Cedric Notredame*
Mohamed bin Zayed University of Artificial Intelligence (MBZUAI), Abu Dhabi, United Arab Emirates
cedric.notredame [at] mbzuai.ac.ae
Abstract
Biology generates unprecedented volumes of data, pushing computational infrastructures beyond present capacities. Turning this raw material into knowledge requires workflows that are reproducible, portable, and community-owned. Nextflow, together with the nf-core initiative, has become the de facto framework for this purpose, providing a virtual infrastructure on which thousands of groups now build, share, and run their analyses.
In this talk, I will first retrace how Nextflow and nf-core evolved into a cooperation platform for bioinformatics, as described in our recent Genome Biology paper (Langer et al., 2025). The strength of the framework lies less in its workflow engine than in the community it has brokered: a distributed network of scientists coordinating their efforts through shared tooling, common standards, and joint governance. A central development has been the move to DSL2 and the emergence of an extensive library of modules and subworkflows. This granular layer has fundamentally changed how cooperation takes place — contributors no longer exchange full workflows but reusable building blocks, which are independently tested, versioned, and maintained across institutions. The result is a progressive convergence toward FAIR workflows, adopted by consortia as diverse as EuroFAANG, Darwin Tree of Life, and Genomics England.
This modular foundation naturally called for the next step: a hub. Pipeline hubs turn workflows into versioned, peer-reviewed scientific objects, but their defining contribution is to make alternative ways of doing the same thing directly confrontable — running side by side, on the same data, under the same conditions. I will illustrate the concept with nf-core/multiplesequencealign (Santus et al., 2025), which systematically confronts alignment strategies against structural and evolutionary references.

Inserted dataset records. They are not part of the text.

lemma nn_integral_subtractive_dither:
  fixes f :: "real \<Rightarrow> ennreal"
  assumes \<Delta>: "0 < \<Delta>" and [measurable]: "f \<in> borel_measurable borel"
  shows "(\<integral>\<^sup>+u. indicator {-\<Delta>/2<..<\<Delta>/2} u * f (quant \<Delta> (g + u) - u) \<partial>lborel)
       = (\<integral>\<^sup>+w. indicator {g-\<Delta>/2<..<g+\<Delta>/2} w * f w \<partial>lborel)"
proof -
  define n where "n = \<lfloor>(g + \<Delta>/2) / \<Delta>\<rfloor>"
  define p where "p = real_of_int n * \<Delta>"
  have n: "real_of_int n \<le> (g + \<Delta>/2) / \<Delta>" "(g + \<Delta>/2) / \<Delta> < real_of_int n + 1"
    unfolding n_def by linarith+
  have p: "p \<le> g + \<Delta>/2" "g + \<Delta>/2 < p + \<Delta>"
    using n \<Delta> unfolding p_def by (simp_all add: field_simps)
  \<comment> \<open>The grid point p splits the dither interval into two pieces, on each of which
    the estimate is a reflection u \<mapsto> const - u.\<close>
  have lo: "quant \<Delta> (g + u) - u = p - \<Delta>/2 - u" if "-\<Delta>/2 < u" "u < p - g" for u
  proof -
    have "\<lfloor>(g + u) / \<Delta>\<rfloor> = n - 1"
      using that p \<Delta> by (intro floor_unique) (simp_all add: p_def field_simps)
    then have floor_eq: "real_of_int \<lfloor>(g + u) / \<Delta>\<rfloor> = real_of_int n - 1" by simp
    show ?thesis unfolding quant_eq_floor floor_eq p_def by (simp add: algebra_simps)
  qed
  have hi: "quant \<Delta> (g + u) - u = p + \<Delta>/2 - u" if "p - g < u" "u < \<Delta>/2" for u
  proof -
    have "\<lfloor>(g + u) / \<Delta>\<rfloor> = n"
      using that p \<Delta> by (intro floor_unique) (simp_all add: p_def field_simps)
    then show ?thesis by (simp add: quant_eq_floor p_def algebra_simps)
  qed
  have "(\<integral>\<^sup>+u. indicator {-\<Delta>/2<..<\<Delta>/2} u * f (quant \<Delta> (g + u) - u) \<partial>lborel)
      = (\<integral>\<^sup>+u. indicator {-\<Delta>/2<..<p-g} u * f (p - \<Delta>/2 - u)
             + indicator {p-g<..<\<Delta>/2} u * f (p + \<Delta>/2 - u) \<partial>lborel)"
    using AE_lborel_singleton[of "p - g"]
    by (intro nn_integral_cong_AE, eventually_elim)
       (use lo hi p in \<open>auto simp: indicator_def not_less_iff_gr_or_eq\<close>)
  also have "\<dots> = (\<integral>\<^sup>+u. indicator {-\<Delta>/2<..<p-g} u * f (p - \<Delta>/2 - u) \<partial>lborel)
      + (\<integral>\<^sup>+u. indicator {p-g<..<\<Delta>/2} u * f (p + \<Delta>/2 - u) \<partial>lborel)"
    by (rule nn_integral_add) measurable
  also have "\<dots> = (\<integral>\<^sup>+w. indicator {g-\<Delta>/2<..<p} w * f w \<partial>lborel)
      + (\<integral>\<^sup>+w. indicator {p<..<g+\<Delta>/2} w * f w \<partial>lborel)"
    by (simp add: nn_integral_reflect_interval add.commute)
  also have "\<dots> = (\<integral>\<^sup>+w. indicator {g-\<Delta>/2<..<p} w * f w + indicator {p<..<g+\<Delta>/2} w * f w \<partial>lborel)"
    by (rule nn_integral_add[symmetric]) measurable
  also have "\<dots> = (\<integral>\<^sup>+w. indicator {g-\<Delta>/2<..<g+\<Delta>/2} w * f w \<partial>lborel)"
    using AE_lborel_singleton[of p]
    by (intro nn_integral_cong_AE, eventually_elim) (use p \<Delta> in \<open>auto simp: indicator_def\<close>)
  finally show ?thesis .
qed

Pipeline hubs are also, in my view, the natural substrate on which AI will operate in biology. Because these workflows are standardized, ontology-ready, and continuously benchmarked, they can be coordinated, extended, and eventually co-developed with AI agents — opening the way to pipelines adaptable to shifting scientific questions and self-aware enough to follow targeted objectives semi-autonomously.
Keywords: Nextflow, nf-core, MSA, FAIR
Acknowledgement: The author thanks the nf-core community for its collective contribution to the infrastructure described in this talk, and MBZUAI for supporting his participation in BelBi.